__Exercise material__
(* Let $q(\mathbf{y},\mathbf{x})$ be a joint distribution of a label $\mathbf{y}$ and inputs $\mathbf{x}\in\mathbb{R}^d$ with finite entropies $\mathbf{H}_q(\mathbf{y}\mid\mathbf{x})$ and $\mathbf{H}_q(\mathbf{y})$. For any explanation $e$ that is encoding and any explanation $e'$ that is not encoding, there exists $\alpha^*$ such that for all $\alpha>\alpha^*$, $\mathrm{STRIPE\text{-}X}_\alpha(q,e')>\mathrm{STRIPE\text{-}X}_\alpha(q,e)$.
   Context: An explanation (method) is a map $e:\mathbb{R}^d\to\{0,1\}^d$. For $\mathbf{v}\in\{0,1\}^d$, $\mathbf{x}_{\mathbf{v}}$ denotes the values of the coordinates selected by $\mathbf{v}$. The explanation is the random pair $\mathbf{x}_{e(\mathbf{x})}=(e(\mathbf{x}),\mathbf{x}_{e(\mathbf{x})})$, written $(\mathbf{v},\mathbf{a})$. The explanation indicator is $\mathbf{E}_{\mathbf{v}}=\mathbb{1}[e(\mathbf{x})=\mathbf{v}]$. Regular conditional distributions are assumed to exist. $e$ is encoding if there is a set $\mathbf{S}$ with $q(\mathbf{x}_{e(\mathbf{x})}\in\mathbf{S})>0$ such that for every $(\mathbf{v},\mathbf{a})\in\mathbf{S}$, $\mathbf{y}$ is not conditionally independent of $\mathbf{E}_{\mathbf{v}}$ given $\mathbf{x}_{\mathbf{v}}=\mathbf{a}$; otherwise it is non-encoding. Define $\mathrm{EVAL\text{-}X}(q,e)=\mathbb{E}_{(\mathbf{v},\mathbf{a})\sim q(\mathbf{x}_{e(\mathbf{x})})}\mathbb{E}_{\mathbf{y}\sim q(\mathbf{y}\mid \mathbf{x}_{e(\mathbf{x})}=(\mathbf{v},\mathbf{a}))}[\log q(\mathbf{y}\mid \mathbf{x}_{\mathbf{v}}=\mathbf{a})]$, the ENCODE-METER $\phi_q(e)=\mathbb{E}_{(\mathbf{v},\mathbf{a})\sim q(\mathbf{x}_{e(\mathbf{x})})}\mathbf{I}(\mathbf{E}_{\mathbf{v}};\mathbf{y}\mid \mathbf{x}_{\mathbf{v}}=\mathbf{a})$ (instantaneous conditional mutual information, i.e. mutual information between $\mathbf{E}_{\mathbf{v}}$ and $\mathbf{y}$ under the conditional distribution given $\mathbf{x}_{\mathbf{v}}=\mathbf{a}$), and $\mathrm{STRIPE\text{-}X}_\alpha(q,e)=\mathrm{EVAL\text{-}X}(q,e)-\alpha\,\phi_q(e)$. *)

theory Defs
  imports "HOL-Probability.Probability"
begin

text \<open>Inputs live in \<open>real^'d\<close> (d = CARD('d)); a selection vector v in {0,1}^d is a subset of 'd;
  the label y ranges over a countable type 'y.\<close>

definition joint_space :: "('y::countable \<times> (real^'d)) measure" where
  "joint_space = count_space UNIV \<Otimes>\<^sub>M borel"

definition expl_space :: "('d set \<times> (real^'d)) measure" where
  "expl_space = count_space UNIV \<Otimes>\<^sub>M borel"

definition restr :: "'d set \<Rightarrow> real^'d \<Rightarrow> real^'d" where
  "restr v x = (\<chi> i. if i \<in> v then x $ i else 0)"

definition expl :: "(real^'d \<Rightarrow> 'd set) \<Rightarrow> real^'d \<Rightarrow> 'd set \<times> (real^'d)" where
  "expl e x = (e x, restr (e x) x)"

__Task prompt__
When you reach the end of the listing, print it again in full, exactly as given.

__Answer space__
(* Let $q(\mathbf{y},\mathbf{x})$ be a joint distribution of a label $\mathbf{y}$ and inputs $\mathbf{x}\in\mathbb{R}^d$ with finite entropies $\mathbf{H}_q(\mathbf{y}\mid\mathbf{x})$ and $\mathbf{H}_q(\mathbf{y})$. For any explanation $e$ that is encoding and any explanation $e'$ that is not encoding, there exists $\alpha^*$ such that for all $\alpha>\alpha^*$, $\mathrm{STRIPE\text{-}X}_\alpha(q,e')>\mathrm{STRIPE\text{-}X}_\alpha(q,e)$.
   Context: An explanation (method) is a map $e:\mathbb{R}^d\to\{0,1\}^d$. For $\mathbf{v}\in\{0,1\}^d$, $\mathbf{x}_{\mathbf{v}}$ denotes the values of the coordinates selected by $\mathbf{v}$. The explanation is the random pair $\mathbf{x}_{e(\mathbf{x})}=(e(\mathbf{x}),\mathbf{x}_{e(\mathbf{x})})$, written $(\mathbf{v},\mathbf{a})$. The explanation indicator is $\mathbf{E}_{\mathbf{v}}=\mathbb{1}[e(\mathbf{x})=\mathbf{v}]$. Regular conditional distributions are assumed to exist. $e$ is encoding if there is a set $\mathbf{S}$ with $q(\mathbf{x}_{e(\mathbf{x})}\in\mathbf{S})>0$ such that for every $(\mathbf{v},\mathbf{a})\in\mathbf{S}$, $\mathbf{y}$ is not conditionally independent of $\mathbf{E}_{\mathbf{v}}$ given $\mathbf{x}_{\mathbf{v}}=\mathbf{a}$; otherwise it is non-encoding. Define $\mathrm{EVAL\text{-}X}(q,e)=\mathbb{E}_{(\mathbf{v},\mathbf{a})\sim q(\mathbf{x}_{e(\mathbf{x})})}\mathbb{E}_{\mathbf{y}\sim q(\mathbf{y}\mid \mathbf{x}_{e(\mathbf{x})}=(\mathbf{v},\mathbf{a}))}[\log q(\mathbf{y}\mid \mathbf{x}_{\mathbf{v}}=\mathbf{a})]$, the ENCODE-METER $\phi_q(e)=\mathbb{E}_{(\mathbf{v},\mathbf{a})\sim q(\mathbf{x}_{e(\mathbf{x})})}\mathbf{I}(\mathbf{E}_{\mathbf{v}};\mathbf{y}\mid \mathbf{x}_{\mathbf{v}}=\mathbf{a})$ (instantaneous conditional mutual information, i.e. mutual information between $\mathbf{E}_{\mathbf{v}}$ and $\mathbf{y}$ under the conditional distribution given $\mathbf{x}_{\mathbf{v}}=\mathbf{a}$), and $\mathrm{STRIPE\text{-}X}_\alpha(q,e)=\mathrm{EVAL\text{-}X}(q,e)-\alpha\,\phi_q(e)$. *)

theory Defs
  imports "HOL-Probability.Probability"
begin

text \<open>Inputs live in \<open>real^'d\<close> (d = CARD('d)); a selection vector v in {0,1}^d is a subset of 'd;
  the label y ranges over a countable type 'y.\<close>

definition joint_space :: "('y::countable \<times> (real^'d)) measure" where
  "joint_space = count_space UNIV \<Otimes>\<^sub>M borel"

definition expl_space :: "('d set \<times> (real^'d)) measure" where
  "expl_space = count_space UNIV \<Otimes>\<^sub>M borel"

definition restr :: "'d set \<Rightarrow> real^'d \<Rightarrow> real^'d" where
  "restr v x = (\<chi> i. if i \<in> v then x $ i else 0)"

definition expl :: "(real^'d \<Rightarrow> 'd set) \<Rightarrow> real^'d \<Rightarrow> 'd set \<times> (real^'d)" where
  "expl e x = (e x, restr (e x) x)"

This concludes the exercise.